I have installed R and SparkR on my Hadoop/Spark cluster. That is described in this post. I have also installed Apache Zeppelin with R to use SparkR with Zeppelin (here).
So far, I can offer my users SparkR through CLI and Apache Zeppelin. But they all want one interface – RStudio. This post describes how to install RStudio Server and configure it to work with Apache Spark.
On my cluster, I am running Apache Spark 1.6.0, manually installed (installation process). Underneath is a multinode Hadoop cluster from Hortonworks.
RStudio Server is installed on one client node in the cluster:
- Update the Ubuntu system
sudo apt-get update
- Download the repository file (make sure you are downloading RStudio Server, not the client!)

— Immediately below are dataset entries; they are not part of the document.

(* Let $c\in\mathbb{R}$ and let $\kappa:(c,\infty)\to\mathbb{R}$ be a function which is bounded from above with $\kappa(x)\to0$ as $x\to\infty$. Then $\kappa$ has a majorant $\gamma:(c,\infty)\to\mathbb{R}$ (i.e. $\gamma\ge\kappa$) of class $C^\infty$ such that $\gamma(x)\to0$ as $x\to\infty$ and $$(-1)^k\gamma^{(k)}(x)\ge0,\qquad x>c,\ k=0,1,2,\dots.$$ *)

theory Defs
  imports "HOL-Analysis.Analysis"
begin

definition smooth_on :: "real set \<Rightarrow> (real \<Rightarrow> real) \<Rightarrow> bool" where
  "smooth_on S f \<longleftrightarrow> (\<forall>k::nat. \<forall>x\<in>S. ((deriv ^^ k) f) differentiable (at x))"

end

theory Submission
  imports Defs "HOL-Real_Asymp.Real_Asymp"
begin

text \<open>
  Let \<open>s n\<close> be the supremum of \<open>max 0 \<kappa>\<close> on \<open>(c + n, \<infinity>)\<close>. This sequence is
  nonnegative, nonincreasing and tends to \<open>0\<close>, so it is the sum of its nonnegative
  decrements \<open>d m = s m - s (m + 1)\<close>. The decaying exponential
  \<open>exp 1 * d m * exp ((c - x) / (m + 1))\<close> is completely monotone and at least \<open>d m\<close>
  for \<open>x \<le> c + m + 1\<close>; summing these exponentials gives a completely monotone function
  \<open>\<gamma>\<close> with \<open>\<gamma> x \<ge> s n \<ge> \<kappa> x\<close> whenever \<open>c + n < x \<le> c + n + 1\<close>, and \<open>\<gamma>\<close> tends
  to \<open>0\<close> by dominated convergence (Tannery).
\<close>

definition decay_series :: "(nat \<Rightarrow> real) \<Rightarrow> real \<Rightarrow> nat \<Rightarrow> real \<Rightarrow> real" where
  "decay_series a c k x = (\<Sum>m. a m * (-1 / real (Suc m)) ^ k * exp ((c - x) / real (Suc m)))"

text \<open>\<open>decay_series a c k\<close> is the \<open>k\<close>-th derivative of \<open>decay_series a c 0\<close> on \<open>(c, \<infinity>)\<close>.\<close>

definition tail_sup :: "(real \<Rightarrow> real) \<Rightarrow> real \<Rightarrow> nat \<Rightarrow> real" where
  "tail_sup \<kappa> c n = Sup ((\<lambda>x. max 0 (\<kappa> x)) ` {c + real n<..})"

lemma norm_decay_term_le:
  fixes a :: "nat \<Rightarrow> real"
  assumes "a m \<ge> 0" "c \<le> x"
  shows "norm (a m * (-1 / real (Suc m)) ^ k * exp ((c - x) / real (Suc m))) \<le> a m"
proof -
  have "\<bar>(-1 / real (Suc m)) ^ k\<bar> \<le> 1"
    by (simp add: power_abs power_le_one)
  moreover have "exp ((c - x) / real (Suc m)) \<le> 1"
    using assms by (simp add: divide_nonpos_pos)
  ultimately have "\<bar>(-1 / real (Suc m)) ^ k\<bar> * exp ((c - x) / real (Suc m)) \<le> 1"
    by (simp add: mult_le_one)
  then have "a m * (\<bar>(-1 / real (Suc m)) ^ k\<bar> * exp ((c - x) / real (Suc m))) \<le> a m"
    using mult_left_mono[OF _ \<open>a m \<ge> 0\<close>] by fastforce
  then show ?thesis
    using \<open>a m \<ge> 0\<close> by (simp add: abs_mult)
qed

lemma summable_decay_terms:
  fixes a :: "nat \<Rightarrow> real"
  assumes "\<And>m. a m \<ge> 0" "summable a" "c \<le> x"
  shows "summable (\<lambda>m. a m * (-1 / real (Suc m)) ^ k * exp ((c - x) / real (Suc m)))"
  by (rule summable_comparison_test[OF _ assms(2)]) (use norm_decay_term_le assms in auto)

lemma decay_term_has_derivative:
  fixes a b :: real
  assumes "b \<noteq> 0"
  shows "((\<lambda>x. a * (-1 / b) ^ k * exp ((c - x) / b))
           has_field_derivative a * (-1 / b) ^ Suc k * exp ((c - x) / b)) (at x)"
proof -
  have "((\<lambda>x. a * (-1 / b) ^ k * exp ((c - x) / b))
          has_field_derivative a * (-1 / b) ^ k * (exp ((c - x) / b) * (-1 / b))) (at x)"
    using assms by (auto intro!: derivative_eq_intros)
  then show ?thesis
    by (simp add: algebra_simps)
qed

lemma decay_series_has_derivative:
  fixes a :: "nat \<Rightarrow> real"
  assumes a_nonneg: "\<And>m. a m \<ge> 0" and a_summable: "summable a" and "c < x"
  shows "(decay_series a c k has_field_derivative decay_series a c (Suc k) x) (at x)"
  unfolding decay_series_def
proof (rule has_field_derivative_series'(2)[where S = "{c<..}" and x0 = x])
  show "uniformly_convergent_on {c<..}
          (\<lambda>n x. \<Sum>i<n. a i * (-1 / real (Suc i)) ^ Suc k * exp ((c - x) / real (Suc i)))"
  proof (rule Weierstrass_m_test'[OF _ a_summable])
    fix n y assume "y \<in> {c<..}"
    then show "norm (a n * (-1 / real (Suc n)) ^ Suc k * exp ((c - y) / real (Suc n))) \<le> a n"
      by (intro norm_decay_term_le a_nonneg) auto
  qed
  show "summable (\<lambda>n. a n * (-1 / real (Suc n)) ^ k * exp ((c - x) / real (Suc n)))"
    using summable_decay_terms[OF a_nonneg a_summable] \<open>c < x\<close> by simp
qed (use \<open>c < x\<close> decay_term_has_derivative in \<open>auto intro: has_field_derivative_at_within
       simp: interior_open\<close>)

lemma higher_deriv_decay_series:
  fixes a :: "nat \<Rightarrow> real"
  assumes "\<And>m. a m \<ge> 0" "summable a" "c < x"
  shows "(deriv ^^ k) (decay_series a c 0) x = decay_series a c k x"
  using \<open>c < x\<close>
proof (induction k arbitrary: x)
  case (Suc k)
  have "eventually (\<lambda>y. y \<in> {c<..}) (nhds x)"
    using Suc.prems by (intro eventually_nhds_in_open) auto
  then have "eventually (\<lambda>y. (deriv ^^ k) (decay_series a c 0) y = decay_series a c k y) (nhds x)"
    by eventually_elim (use Suc.IH in auto)
  then have "deriv ((deriv ^^ k) (decay_series a c 0)) x = deriv (decay_series a c k) x"
    by (rule deriv_cong_ev) simp
  also have "\<dots> = decay_series a c (Suc k) x"
    by (rule DERIV_imp_deriv[OF decay_series_has_derivative[OF assms(1,2) Suc.prems]])
  finally show ?case
    by simp
qed simp

lemma smooth_on_decay_series:
  fixes a :: "nat \<Rightarrow> real"
  assumes "\<And>m. a m \<ge> 0" "summable a"
  shows "smooth_on {c<..} (decay_series a c 0)"
  unfolding smooth_on_def
proof (intro allI ballI)
  fix k x assume "x \<in> {c<..}"
  then have "((deriv ^^ k) (decay_series a c 0) has_field_derivative decay_series a c (Suc k) x) (at x)"
    by (intro has_field_derivative_transform_within_open[OF decay_series_has_derivative[OF assms],
          of _ _ "{c<..}"]) (auto simp: higher_deriv_decay_series[OF assms])
  then show "(deriv ^^ k) (decay_series a c 0) differentiable (at x)"
    unfolding differentiable_def has_field_derivative_def by blast
qed

lemma decay_series_sign:
  fixes a :: "nat \<Rightarrow> real"
  assumes "\<And>m. a m \<ge> 0" "summable a" "c \<le> x"
  shows "(-1) ^ k * decay_series a c k x \<ge> 0"
proof -
  have sign_cancel: "(-1) ^ k * (a m * (-1 / real (Suc m)) ^ k * e) = a m * (1 / real (Suc m)) ^ k * e"
    for m and e :: real
    by (simp add: power_mult_distrib[symmetric])
  have "(-1) ^ k * decay_series a c k x
          = (\<Sum>m. (-1) ^ k * (a m * (-1 / real (Suc m)) ^ k * exp ((c - x) / real (Suc m))))"
    unfolding decay_series_def by (rule suminf_mult[OF summable_decay_terms[OF assms], symmetric])
  also have "\<dots> \<ge> 0"
    by (intro suminf_nonneg summable_mult summable_decay_terms[OF assms])
       (simp only: sign_cancel, simp add: assms(1))
  finally show ?thesis .
qed

lemma exp_decay_tendsto_zero:
  fixes b c :: real
  assumes "b > 0"
  shows "((\<lambda>x. exp ((c - x) / b)) \<longlongrightarrow> 0) at_top"
proof -
  have "filterlim (\<lambda>x::real. (c - x) / b) at_bot at_top"
    using assms by real_asymp
  then show ?thesis
    by (rule filterlim_compose[OF exp_at_bot])
qed

lemma decay_series_tendsto_zero:
  fixes a :: "nat \<Rightarrow> real"
  assumes a_nonneg: "\<And>m. a m \<ge> 0" and a_summable: "summable a"
  shows "(decay_series a c 0 \<longlongrightarrow> 0) at_top"
proof -
  have terms_tendsto: "((\<lambda>x. a m * exp ((c - x) / real (Suc m))) \<longlongrightarrow> 0) at_top" for m
    by (intro tendsto_mult_right_zero exp_decay_tendsto_zero) simp
  have "eventually (\<lambda>(m, x). c \<le> x) (sequentially \<times>\<^sub>F at_top)"
    by (simp add: eventually_prod2)
  then have "eventually (\<lambda>(m, x). norm (a m * exp ((c - x) / real (Suc m))) \<le> a m)
               (sequentially \<times>\<^sub>F at_top)"
    by (rule eventually_mono) (use norm_decay_term_le[where k = 0] a_nonneg in auto)
  then have "((\<lambda>x. \<Sum>m. a m * exp ((c - x) / real (Suc m))) \<longlongrightarrow> (\<Sum>m. 0 :: real)) at_top"
    using tannerys_theorem[OF terms_tendsto _ a_summable] by simp
  then show ?thesis
    by (simp add: decay_series_def [abs_def])
qed

lemma summable_decrements:
  fixes s :: "nat \<Rightarrow> real"
  assumes "s \<longlonglongrightarrow> 0"
  shows "summable (\<lambda>m. s m - s (Suc m))"
  using telescope_sums'[OF assms] by (rule sums_summable)

text \<open>
  On \<open>(c + n, c + n + 1]\<close> every exponential with index \<open>m \<ge> n\<close> is at least \<open>exp (-1)\<close>,
  which the factor \<open>exp 1\<close> in the weights compensates.
\<close>

lemma tail_le_decay_series:
  fixes s :: "nat \<Rightarrow> real"
  assumes "decseq s" "s \<longlonglongrightarrow> 0" "c \<le> x" "x - c \<le> real n + 1"
  shows "s n \<le> decay_series (\<lambda>m. exp 1 * (s m - s (Suc m))) c 0 x"
proof -
  define a where "a = (\<lambda>m. exp 1 * (s m - s (Suc m)))"
  define t where "t m = a m * exp ((c - x) / real (Suc m))" for m
  have a_nonneg: "a m \<ge> 0" for m
    using \<open>decseq s\<close> by (simp add: a_def decseq_SucD)
  have telescope: "(\<lambda>m. s (m + n) - s (Suc (m + n))) sums s n"
    using telescope_sums'[OF LIMSEQ_ignore_initial_segment[OF \<open>s \<longlonglongrightarrow> 0\<close>]] by simp
  have "summable a"
    unfolding a_def by (intro summable_mult summable_decrements assms(2))
  then have t_summable: "summable t"
    unfolding t_def [abs_def] using summable_decay_terms[where k = 0] a_nonneg \<open>c \<le> x\<close> by simp
  have decrement_le: "s (m + n) - s (Suc (m + n)) \<le> t (m + n)" for m
  proof -
    have "-1 \<le> (c - x) / real (Suc (m + n))"
      using assms(4) by (simp add: le_divide_eq)
    then have "a (m + n) * exp (-1) \<le> t (m + n)"
      unfolding t_def using a_nonneg by (intro mult_left_mono) auto
    moreover have "a (m + n) * exp (-1) = s (m + n) - s (Suc (m + n))"
      by (simp add: a_def exp_minus)
    ultimately show ?thesis
      by simp
  qed
  have "s n = (\<Sum>m. s (m + n) - s (Suc (m + n)))"
    using telescope by (simp add: sums_iff)
  also have "\<dots> \<le> (\<Sum>m. t (m + n))"
    by (intro suminf_le decrement_le summable_ignore_initial_segment[OF t_summable])
       (use telescope in \<open>simp add: sums_iff\<close>)
  also have "\<dots> \<le> (\<Sum>m. t (m + n)) + (\<Sum>i<n. t i)"
    using a_nonneg by (simp add: t_def sum_nonneg)
  also have "\<dots> = suminf t"
    using suminf_split_initial_segment[OF t_summable, of n] by simp
  also have "\<dots> = decay_series a c 0 x"
    unfolding decay_series_def t_def [abs_def] by simp
  finally show ?thesis
    unfolding a_def .
qed

context
  fixes \<kappa> :: "real \<Rightarrow> real" and c M :: real
  assumes bounded: "\<forall>x>c. \<kappa> x \<le> M"
begin

lemma bdd_above_tail:
  "bdd_above ((\<lambda>x. max 0 (\<kappa> x)) ` {c + real n<..})"
proof (rule bdd_aboveI[where M = "max 0 M"])
  fix y assume "y \<in> (\<lambda>x. max 0 (\<kappa> x)) ` {c + real n<..}"
  then obtain x where x: "c + real n < x" "y = max 0 (\<kappa> x)"
    by auto
  then have "c < x"
    using of_nat_0_le_iff[of n] by linarith
  then have "\<kappa> x \<le> M"
    using bounded by blast
  then show "y \<le> max 0 M"
    using x(2) by auto
qed

lemma le_tail_sup:
  assumes "c + real n < x"
  shows "max 0 (\<kappa> x) \<le> tail_sup \<kappa> c n"
  unfolding tail_sup_def using assms by (intro cSup_upper bdd_above_tail) auto

lemma tail_sup_nonneg: "0 \<le> tail_sup \<kappa> c n"
  using le_tail_sup[of n "c + real n + 1"] by auto

lemma decseq_tail_sup: "decseq (tail_sup \<kappa> c)"
  unfolding decseq_Suc_iff tail_sup_def by (auto intro!: cSup_subset_mono bdd_above_tail)

lemma tail_sup_tendsto_zero:
  assumes "(\<kappa> \<longlongrightarrow> 0) at_top"
  shows "tail_sup \<kappa> c \<longlonglongrightarrow> 0"
proof (rule LIMSEQ_I)
  fix r :: real assume "r > 0"
  then have "eventually (\<lambda>x. \<bar>\<kappa> x\<bar> < r / 2) at_top"
    using tendstoD[OF assms, of "r / 2"] by simp
  then obtain X where X: "\<And>x. x \<ge> X \<Longrightarrow> \<bar>\<kappa> x\<bar> < r / 2"
    by (auto simp: eventually_at_top_linorder)
  have small: "tail_sup \<kappa> c n \<le> r / 2" if "X - c \<le> real n" for n
    unfolding tail_sup_def
  proof (rule cSup_least)
    fix y assume "y \<in> (\<lambda>x. max 0 (\<kappa> x)) ` {c + real n<..}"
    then obtain x where "c + real n < x" "y = max 0 (\<kappa> x)"
      by auto
    then show "y \<le> r / 2"
      using X[of x] that \<open>r > 0\<close> by auto
  qed auto
  have "norm (tail_sup \<kappa> c n - 0) < r" if "nat \<lceil>X - c\<rceil> \<le> n" for n
  proof -
    have "X - c \<le> real n"
      using that by linarith
    then show ?thesis
      using small[of n] tail_sup_nonneg[of n] \<open>r > 0\<close> by simp
  qed
  then show "\<exists>n0. \<forall>n\<ge>n0. norm (tail_sup \<kappa> c n - 0) < r"
    by blast
qed

end

theorem claim8p3:
  fixes c :: real and \<kappa> :: "real \<Rightarrow> real"
  assumes bdd: "\<exists>M. \<forall>x>c. \<kappa> x \<le> M"
    and lim: "(\<kappa> \<longlongrightarrow> 0) at_top"
  shows "\<exists>\<gamma> :: real \<Rightarrow> real.
           (\<forall>x>c. \<kappa> x \<le> \<gamma> x)
         \<and> smooth_on {c<..} \<gamma>
         \<and> (\<gamma> \<longlongrightarrow> 0) at_top
         \<and> (\<forall>k::nat. \<forall>x>c. (-1) ^ k * (deriv ^^ k) \<gamma> x \<ge> 0)"
proof -
  obtain M where M: "\<forall>x>c. \<kappa> x \<le> M"
    using bdd by blast
  define s where "s = tail_sup \<kappa> c"
  define a where "a m = exp 1 * (s m - s (Suc m))" for m
  have s_dec: "decseq s" and s_lim: "s \<longlonglongrightarrow> 0"
    using decseq_tail_sup[OF M] tail_sup_tendsto_zero[OF M lim] by (simp_all add: s_def)
  have a_nonneg: "a m \<ge> 0" for m
    using s_dec by (simp add: a_def decseq_SucD)
  have a_summable: "summable a"
    unfolding a_def [abs_def] by (intro summable_mult summable_decrements s_lim)
  have majorant: "\<kappa> x \<le> decay_series a c 0 x" if "c < x" for x
  proof -
    define n where "n = nat (\<lceil>x - c\<rceil> - 1)"
    have "c + real n < x" "x - c \<le> real n + 1"
      using that ceiling_correct[of "x - c"] by (auto simp: n_def)
    then have "max 0 (\<kappa> x) \<le> s n" "s n \<le> decay_series a c 0 x"
      using le_tail_sup[OF M] tail_le_decay_series[OF s_dec s_lim] that
      by (auto simp: s_def a_def [abs_def])
    then show ?thesis
      by linarith
  qed
  have "(-1) ^ k * (deriv ^^ k) (decay_series a c 0) x \<ge> 0" if "c < x" for k x
    using decay_series_sign[OF a_nonneg a_summable, of c x k] that
    by (simp add: higher_deriv_decay_series[OF a_nonneg a_summable that])
  then show ?thesis
    using majorant smooth_on_decay_series[OF a_nonneg a_summable]
      decay_series_tendsto_zero[OF a_nonneg a_summable]
    by blast
qed

end
(* Let $1\le r\le s\le t$ and let $u=ABCd$, $v=A'B'C'd'$ be vertices of $E3C(r,s,t)$ with $A=A'$, $B=B'$, $C\ne C'$ and $d\ne d'$. Then there exist $2r+2$ pairwise internally disjoint $u$–$v$ paths in $E3C(r,s,t)$, each of length at most $t+6$ if $\{d,d'\}=\{0,1\}$ or $\{d,d'\}=\{0,2\}$, and each of length at most $t+8$ if $\{d,d'\}=\{1,2\}$.
   Context: The exchanged 3-ary $n$-cube $E3C(r,s,t)$ ($r,s,t\ge1$, $n=r+s+t+1$): vertices are strings written $x=ABCd$ with $A\in\{0,1,2\}^r$, $B\in\{0,1,2\}^s$, $C\in\{0,1,2\}^t$, $d\in\{0,1,2\}$. Two distinct vertices $x=ABCd$, $y=A'B'C'd'$ are adjacent iff one of: (E0) $A=A',B=B',C=C'$ and $d\ne d'$; (E1) $d=d'=0$, $A=A'$, $B=B'$ and $C,C'$ differ in exactly one position; (E2) $d=d'=1$, $A=A'$, $C=C'$ and $B,B'$ differ in exactly one position; (E3) $d=d'=2$, $B=B'$, $C=C'$ and $A,A'$ differ in exactly one position. Paths are internally disjoint if they share no vertices other than their endpoints; length = number of edges. *)

theory Defs
  imports Main
begin

type_synonym e3vert = "nat list \<times> nat list \<times> nat list \<times> nat"

definition tern_str :: "nat \<Rightarrow> nat list \<Rightarrow> bool" where
  "tern_str k X \<longleftrightarrow> length X = k \<and> (\<forall>a\<in>set X. a < 3)"

definition e3c_vert :: "nat \<Rightarrow> nat \<Rightarrow> nat \<Rightarrow> e3vert \<Rightarrow> bool" where
  "e3c_vert r s t x = (case x of (A,B,C,d) \<Rightarrow>
     tern_str r A \<and> tern_str s B \<and> tern_str t C \<and> d < 3)"

definition differ_one :: "nat list \<Rightarrow> nat list \<Rightarrow> bool" where
  "differ_one X Y \<longleftrightarrow> length X = length Y \<and>
     card {i. i < length X \<and> X ! i \<noteq> Y ! i} = 1"

definition e3c_adj :: "nat \<Rightarrow> nat \<Rightarrow> nat \<Rightarrow> e3vert \<Rightarrow> e3vert \<Rightarrow> bool" where
  "e3c_adj r s t x y = (e3c_vert r s t x \<and> e3c_vert r s t y \<and> x \<noteq> y \<and>
     (case x of (A,B,C,d) \<Rightarrow> case y of (A',B',C',d') \<Rightarrow>
        (A = A' \<and> B = B' \<and> C = C' \<and> d \<noteq> d')
      \<or> (d = 0 \<and> d' = 0 \<and> A = A' \<and> B = B' \<and> differ_one C C')
      \<or> (d = 1 \<and> d' = 1 \<and> A = A' \<and> C = C' \<and> differ_one B B')
      \<or> (d = 2 \<and> d' = 2 \<and> B = B' \<and> C = C' \<and> differ_one A A')))"
lemma bounded_range_schwartz:
  assumes "schwartz f"
  shows "bounded (range f)"
proof -
  have "bounded (range (\<lambda>x. \<bar>x\<bar> ^ 0 * norm (vderiv 0 f x)))"
    using assms unfolding schwartz_def by blast
  then show ?thesis
    by (simp add: bounded_norm_comp)
qed

lemma bounded_range_bilinear:
  assumes "bounded_bilinear B" and "bounded (range f)" and "bounded (range h)"
  shows "bounded (range (\<lambda>x. B (f x) (h x)))"
proof -
  obtain K where K: "\<And>a b. norm (B a b) \<le> norm a * norm b * K" and "K > 0"
    using bounded_bilinear.pos_bounded[OF assms(1)] by blast
  obtain Cf Ch where Cf: "\<And>x. norm (f x) \<le> Cf" and Ch: "\<And>x. norm (h x) \<le> Ch"
    using assms(2,3) unfolding bounded_iff by blast
  have "norm (f x) * norm (h x) * K \<le> Cf * Ch * K" for x
    by (intro mult_right_mono mult_mono Cf Ch norm_ge_zero order_trans[OF norm_ge_zero Cf]
        less_imp_le[OF \<open>K > 0\<close>])
  then have "norm (B (f x) (h x)) \<le> Cf * Ch * K" for x
    using K[of "f x" "h x"] order_trans by blast
  then show ?thesis
    unfolding bounded_iff by blast
qed

section \<open>Moving frames along the orbit\<close>

declare vderiv.simps(2) [simp del] One_nat_def [simp del]

definition normal_correction ::
    "'n::finite cmat \<Rightarrow> (real \<Rightarrow> 'n cmat) \<Rightarrow> (real \<Rightarrow> 'n cmat) \<Rightarrow> (real \<Rightarrow> 'n cmat) \<Rightarrow> bool" where
  "normal_correction a g v \<zeta> \<longleftrightarrow> smooth \<zeta>
     \<and> (\<forall>x. \<zeta> x \<in> {g x ** y ** matrix_inv (g x) | y. y \<in> cent a})
     \<and> (\<forall>x. vderiv 1 (\<lambda>t. g t ** v t ** matrix_inv (g t) + \<zeta> t) x
            \<in> {g x ** y ** matrix_inv (g x) | y. y \<in> cent_perp a})
     \<and> (\<zeta> \<longlongrightarrow> 0) at_bot"

locale unitary_gauge =
  fixes a :: "'n::finite cmat" and g :: "real \<Rightarrow> 'n cmat"
  assumes diag: "is_diag a"
    and smooth_g: "smooth g"
    and unitary_g: "\<And>x. unitary (g x)"
    and g_tendsto: "(g \<longlongrightarrow> mat 1) at_bot"
    and gauge_cent_perp: "\<And>x. matrix_inv (g x) ** vderiv 1 g x \<in> cent_perp a"
    and bounded_orbit_deriv: "bounded (range (vderiv 1 (\<lambda>x. g x ** a ** matrix_inv (g x))))"
begin

definition gauge :: "real \<Rightarrow> 'n cmat" where
  "gauge x = matrix_inv (g x) ** vderiv 1 g x"

lemma matrix_inv_g: "matrix_inv (g x) = cadj (g x)"
  using unitary_matrix_inv[OF unitary_g] .

lemma inv_g_mult_g: "matrix_inv (g x) ** g x = mat 1"
  and g_mult_inv_g: "g x ** matrix_inv (g x) = mat 1"
  using unitary_g[of x] unitary_mult_cadj[OF unitary_g] by (simp_all add: matrix_inv_g unitary_def)

lemma unconj_conj: "matrix_inv (g x) ** (g x ** y ** matrix_inv (g x)) ** g x = y"
  by (simp add: matrix_mul_assoc inv_g_mult_g)
    (simp add: matrix_mul_assoc[symmetric] inv_g_mult_g del: matrix_mul_assoc)

lemma conj_mem_iff:
  "g x ** y ** matrix_inv (g x) \<in> {g x ** z ** matrix_inv (g x) | z. z \<in> S} \<longleftrightarrow> y \<in> S"
  by (auto, metis unconj_conj)

lemma gauge_mem_cent_perp: "gauge x \<in> cent_perp a"
  using gauge_cent_perp by (simp add: gauge_def)

lemma gauge_un: "gauge x \<in> un"
  using gauge_mem_cent_perp unfolding cent_perp_def by blast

sudo wget https://download2.rstudio.org/rstudio-server-0.99.893-amd64.deb
- Install gdebi (about gdebi)
sudo apt-get install gdebi-core -y
- Install package libjpeg62
sudo apt-get install libjpeg62 -y
- In case you get the following error
You might want to run ‘apt-get -f install’ to correct these:
The following packages have unmet dependencies:
rstudio : Depends: libgstreamer0.10-0 but it is not going to be installed Depends: libgstreamer-plugins-base0.10-0 but it is not going to be installed
E: Unmet dependencies. Try ‘apt-get -f install’ with no packages (or specify a solution).Run:
sudo apt-get -f install
- Install RStudio Server
sudo gdebi rstudio-server-0.99.893-amd64.deb
- During the installation, the following question outputs. Type “y” and press Enter.
RStudio is a set of integrated tools designed to help you be more productive with R. It includes a console, syntax-highlighting editor that supports direct code execution, as well as tools for plotting, history, and workspace management.
Do you want to install the software package? [y/N]: - Find your path to $SPARK_HOME
echo $SPARK_HOME
- Setting environment variable in Rprofile.site
Location of the file should be /usr/lib/R/etc/Rprofile.site. Open the Rprofile.site file and append the following line to it (or whatever your home to Spark is)Sys.setenv(SPARK_HOME="/usr/apache/spark-1.6.0-bin-hadoop2.6")
- Restart RStudio
sudo rstudio-server restart
- RStudio with Spark is now installed and can be accessed on
- Log in with one Unix user (if you do not have one run sudo adduser user1). User cannot be root or have ID lower than 100.
- Load library SparkR
library(SparkR, lib.loc = c(file.path(Sys.getenv("SPARK_HOME"), "R", "lib")))
- SparkContext environment values (used for parameter sparkEnvir when creating SparkContext in the next step). These can be adjusted according to the cluster and user needs.
spark_env = list('spark.executor.memory' = '4g', 'spark.executor.instances' = '4', 'spark.executor.cores' = '4', 'spark.driver.memory' = '4g')
- Creating SparkContext
sc <- sparkR.init(master = "yarn-client", appName = "RStudio", sparkEnvir = spark_env, sparkPackages="com.databricks:spark-csv_2.10:1.4.0")
- Creating an sqlConext
sqlContext <- sparkRSQL.init(sc)
- In case the SparkContext has to be initialized all over again, stop it first. Then repeat the last two steps.
sparkR.stop()
In YARN Resource Manager Console the running application can be controlled:
SparkR in RStudio is now ready for use. In order to get a better understanding of how SparkR works with R, check this post: DataFrame vs data.frame.